Extracted data entries:
+++
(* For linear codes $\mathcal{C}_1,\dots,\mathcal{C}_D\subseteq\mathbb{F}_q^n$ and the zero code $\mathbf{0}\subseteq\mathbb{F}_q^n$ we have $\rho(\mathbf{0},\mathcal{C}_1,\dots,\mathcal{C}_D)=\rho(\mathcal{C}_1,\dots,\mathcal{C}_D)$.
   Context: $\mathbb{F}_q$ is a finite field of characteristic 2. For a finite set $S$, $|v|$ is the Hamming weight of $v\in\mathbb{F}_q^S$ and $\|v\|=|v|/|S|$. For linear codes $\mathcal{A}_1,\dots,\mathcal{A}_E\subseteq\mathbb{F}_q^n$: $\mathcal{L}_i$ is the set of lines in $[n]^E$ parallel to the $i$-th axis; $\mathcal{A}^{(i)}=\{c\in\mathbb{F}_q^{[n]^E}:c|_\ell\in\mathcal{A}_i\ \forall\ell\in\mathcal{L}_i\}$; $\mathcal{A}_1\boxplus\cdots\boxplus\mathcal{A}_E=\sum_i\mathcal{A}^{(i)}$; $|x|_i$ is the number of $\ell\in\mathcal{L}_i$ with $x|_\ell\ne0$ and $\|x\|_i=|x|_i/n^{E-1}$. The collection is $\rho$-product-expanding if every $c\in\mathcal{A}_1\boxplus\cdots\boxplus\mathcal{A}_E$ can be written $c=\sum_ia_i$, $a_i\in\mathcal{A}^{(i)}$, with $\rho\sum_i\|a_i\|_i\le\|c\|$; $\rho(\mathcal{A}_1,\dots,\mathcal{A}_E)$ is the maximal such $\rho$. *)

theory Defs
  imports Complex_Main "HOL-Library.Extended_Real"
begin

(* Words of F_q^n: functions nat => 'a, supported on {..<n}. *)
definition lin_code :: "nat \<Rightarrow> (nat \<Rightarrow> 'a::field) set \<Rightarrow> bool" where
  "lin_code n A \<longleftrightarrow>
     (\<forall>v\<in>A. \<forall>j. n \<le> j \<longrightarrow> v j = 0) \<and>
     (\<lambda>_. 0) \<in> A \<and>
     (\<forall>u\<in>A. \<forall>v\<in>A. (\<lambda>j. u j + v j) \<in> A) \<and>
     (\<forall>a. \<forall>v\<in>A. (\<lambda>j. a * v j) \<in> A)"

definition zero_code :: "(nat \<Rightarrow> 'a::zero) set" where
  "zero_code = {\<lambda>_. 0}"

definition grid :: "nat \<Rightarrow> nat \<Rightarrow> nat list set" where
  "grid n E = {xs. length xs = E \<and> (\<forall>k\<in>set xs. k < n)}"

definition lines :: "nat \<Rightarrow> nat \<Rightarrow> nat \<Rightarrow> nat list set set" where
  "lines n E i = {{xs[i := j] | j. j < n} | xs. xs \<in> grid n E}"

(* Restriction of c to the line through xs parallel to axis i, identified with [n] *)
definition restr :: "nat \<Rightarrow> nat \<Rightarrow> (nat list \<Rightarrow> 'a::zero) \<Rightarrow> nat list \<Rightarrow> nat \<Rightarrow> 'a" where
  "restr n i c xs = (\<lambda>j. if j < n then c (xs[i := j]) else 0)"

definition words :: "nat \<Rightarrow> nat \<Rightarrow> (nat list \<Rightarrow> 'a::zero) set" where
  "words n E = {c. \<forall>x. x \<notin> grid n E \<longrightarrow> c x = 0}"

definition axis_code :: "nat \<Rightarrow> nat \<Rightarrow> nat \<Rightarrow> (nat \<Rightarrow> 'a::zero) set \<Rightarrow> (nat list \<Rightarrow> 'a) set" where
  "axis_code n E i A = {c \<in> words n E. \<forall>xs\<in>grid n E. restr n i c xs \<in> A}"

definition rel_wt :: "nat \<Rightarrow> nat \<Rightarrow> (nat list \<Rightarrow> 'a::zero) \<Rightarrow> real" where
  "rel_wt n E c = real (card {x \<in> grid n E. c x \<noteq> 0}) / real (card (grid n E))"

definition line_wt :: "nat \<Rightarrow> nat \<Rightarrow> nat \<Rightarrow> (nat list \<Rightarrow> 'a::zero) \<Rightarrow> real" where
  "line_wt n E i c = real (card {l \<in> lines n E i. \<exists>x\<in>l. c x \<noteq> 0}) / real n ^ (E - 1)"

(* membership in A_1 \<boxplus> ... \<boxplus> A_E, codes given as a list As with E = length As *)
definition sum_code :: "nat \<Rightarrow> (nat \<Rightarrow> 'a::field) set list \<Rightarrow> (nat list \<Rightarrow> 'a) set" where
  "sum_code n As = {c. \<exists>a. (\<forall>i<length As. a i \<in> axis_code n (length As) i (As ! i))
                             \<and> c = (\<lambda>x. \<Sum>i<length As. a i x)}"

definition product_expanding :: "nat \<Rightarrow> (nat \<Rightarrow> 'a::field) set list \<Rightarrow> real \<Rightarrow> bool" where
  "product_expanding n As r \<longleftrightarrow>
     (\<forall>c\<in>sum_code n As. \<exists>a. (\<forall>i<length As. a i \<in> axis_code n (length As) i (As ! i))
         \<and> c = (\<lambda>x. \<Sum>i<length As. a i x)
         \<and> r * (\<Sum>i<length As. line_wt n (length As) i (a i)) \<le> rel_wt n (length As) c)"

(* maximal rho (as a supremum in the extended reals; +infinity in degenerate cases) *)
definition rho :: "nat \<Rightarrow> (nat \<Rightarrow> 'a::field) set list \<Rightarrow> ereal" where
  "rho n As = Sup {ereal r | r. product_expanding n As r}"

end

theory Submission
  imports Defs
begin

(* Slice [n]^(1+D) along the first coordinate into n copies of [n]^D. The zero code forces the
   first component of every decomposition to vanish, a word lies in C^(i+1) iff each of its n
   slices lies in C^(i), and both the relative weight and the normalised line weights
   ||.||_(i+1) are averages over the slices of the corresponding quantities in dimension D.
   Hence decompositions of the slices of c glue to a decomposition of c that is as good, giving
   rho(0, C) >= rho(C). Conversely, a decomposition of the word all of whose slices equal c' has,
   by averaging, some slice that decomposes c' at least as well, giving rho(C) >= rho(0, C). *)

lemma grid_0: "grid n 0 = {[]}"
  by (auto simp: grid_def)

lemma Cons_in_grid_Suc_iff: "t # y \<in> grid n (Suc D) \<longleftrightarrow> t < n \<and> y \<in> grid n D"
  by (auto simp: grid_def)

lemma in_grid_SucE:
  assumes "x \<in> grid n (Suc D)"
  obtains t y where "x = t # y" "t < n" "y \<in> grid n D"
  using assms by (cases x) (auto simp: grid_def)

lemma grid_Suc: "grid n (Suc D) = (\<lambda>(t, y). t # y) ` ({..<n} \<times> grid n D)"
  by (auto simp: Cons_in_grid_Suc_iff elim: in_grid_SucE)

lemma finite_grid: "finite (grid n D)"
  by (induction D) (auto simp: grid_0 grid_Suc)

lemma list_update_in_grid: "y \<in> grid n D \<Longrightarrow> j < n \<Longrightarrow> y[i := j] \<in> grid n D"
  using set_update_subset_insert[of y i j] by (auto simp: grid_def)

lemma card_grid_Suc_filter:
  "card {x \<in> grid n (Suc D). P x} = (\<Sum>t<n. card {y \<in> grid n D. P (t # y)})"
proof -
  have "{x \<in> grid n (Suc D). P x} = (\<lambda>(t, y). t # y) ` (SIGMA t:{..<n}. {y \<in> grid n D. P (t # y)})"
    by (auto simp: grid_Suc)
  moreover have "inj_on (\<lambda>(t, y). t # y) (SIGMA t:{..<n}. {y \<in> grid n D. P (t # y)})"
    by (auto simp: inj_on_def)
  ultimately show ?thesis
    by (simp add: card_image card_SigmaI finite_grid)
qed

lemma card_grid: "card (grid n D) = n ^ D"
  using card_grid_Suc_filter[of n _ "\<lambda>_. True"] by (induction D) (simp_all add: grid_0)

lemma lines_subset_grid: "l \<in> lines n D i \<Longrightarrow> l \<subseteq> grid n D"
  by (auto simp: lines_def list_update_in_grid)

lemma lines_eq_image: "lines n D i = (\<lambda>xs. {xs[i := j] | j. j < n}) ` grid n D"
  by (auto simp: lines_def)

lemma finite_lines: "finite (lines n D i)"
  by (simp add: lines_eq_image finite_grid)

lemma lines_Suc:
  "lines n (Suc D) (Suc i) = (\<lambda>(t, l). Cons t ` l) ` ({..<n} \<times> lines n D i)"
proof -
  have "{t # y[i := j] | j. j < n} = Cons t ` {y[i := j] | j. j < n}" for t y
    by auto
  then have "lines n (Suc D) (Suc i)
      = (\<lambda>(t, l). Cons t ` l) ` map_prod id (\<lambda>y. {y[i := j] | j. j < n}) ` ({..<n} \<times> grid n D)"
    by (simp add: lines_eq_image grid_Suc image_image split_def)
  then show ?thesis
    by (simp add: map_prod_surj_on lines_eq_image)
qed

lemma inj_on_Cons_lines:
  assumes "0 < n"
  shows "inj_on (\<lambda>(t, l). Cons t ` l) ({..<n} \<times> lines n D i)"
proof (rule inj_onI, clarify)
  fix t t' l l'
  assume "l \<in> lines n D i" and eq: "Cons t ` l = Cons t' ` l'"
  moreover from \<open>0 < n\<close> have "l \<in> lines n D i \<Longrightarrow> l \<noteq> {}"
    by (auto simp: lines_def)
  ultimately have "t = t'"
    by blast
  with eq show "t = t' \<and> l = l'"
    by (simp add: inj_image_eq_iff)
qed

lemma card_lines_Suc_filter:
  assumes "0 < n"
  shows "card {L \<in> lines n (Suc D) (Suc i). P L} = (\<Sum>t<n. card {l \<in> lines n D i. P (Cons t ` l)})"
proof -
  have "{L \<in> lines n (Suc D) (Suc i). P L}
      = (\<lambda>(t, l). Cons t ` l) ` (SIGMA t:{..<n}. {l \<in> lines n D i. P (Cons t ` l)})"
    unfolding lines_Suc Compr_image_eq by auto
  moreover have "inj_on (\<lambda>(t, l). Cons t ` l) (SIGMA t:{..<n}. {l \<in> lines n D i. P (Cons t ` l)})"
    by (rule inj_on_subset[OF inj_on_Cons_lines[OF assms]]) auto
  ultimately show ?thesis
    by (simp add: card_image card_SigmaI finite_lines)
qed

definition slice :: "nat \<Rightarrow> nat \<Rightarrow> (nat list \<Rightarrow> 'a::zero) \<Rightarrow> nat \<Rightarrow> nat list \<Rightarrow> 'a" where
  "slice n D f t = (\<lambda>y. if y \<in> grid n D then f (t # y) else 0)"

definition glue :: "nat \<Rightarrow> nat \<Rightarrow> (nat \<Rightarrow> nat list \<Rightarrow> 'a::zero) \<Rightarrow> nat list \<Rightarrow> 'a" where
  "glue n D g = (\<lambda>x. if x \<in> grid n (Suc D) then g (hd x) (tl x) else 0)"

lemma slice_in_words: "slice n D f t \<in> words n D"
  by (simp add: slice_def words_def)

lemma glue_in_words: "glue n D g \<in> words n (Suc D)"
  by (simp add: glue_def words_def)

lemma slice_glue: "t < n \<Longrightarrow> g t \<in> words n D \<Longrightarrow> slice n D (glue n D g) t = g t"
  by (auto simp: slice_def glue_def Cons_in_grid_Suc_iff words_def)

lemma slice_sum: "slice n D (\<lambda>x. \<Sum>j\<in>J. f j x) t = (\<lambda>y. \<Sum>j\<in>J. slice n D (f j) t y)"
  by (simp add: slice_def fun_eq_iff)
+++
Assignment:
Pull out every line of the records above that contains the word "first".

Task answer:
(* Slice [n]^(1+D) along the first coordinate into n copies of [n]^D. The zero code forces the
   first component of every decomposition to vanish, a word lies in C^(i+1) iff each of its n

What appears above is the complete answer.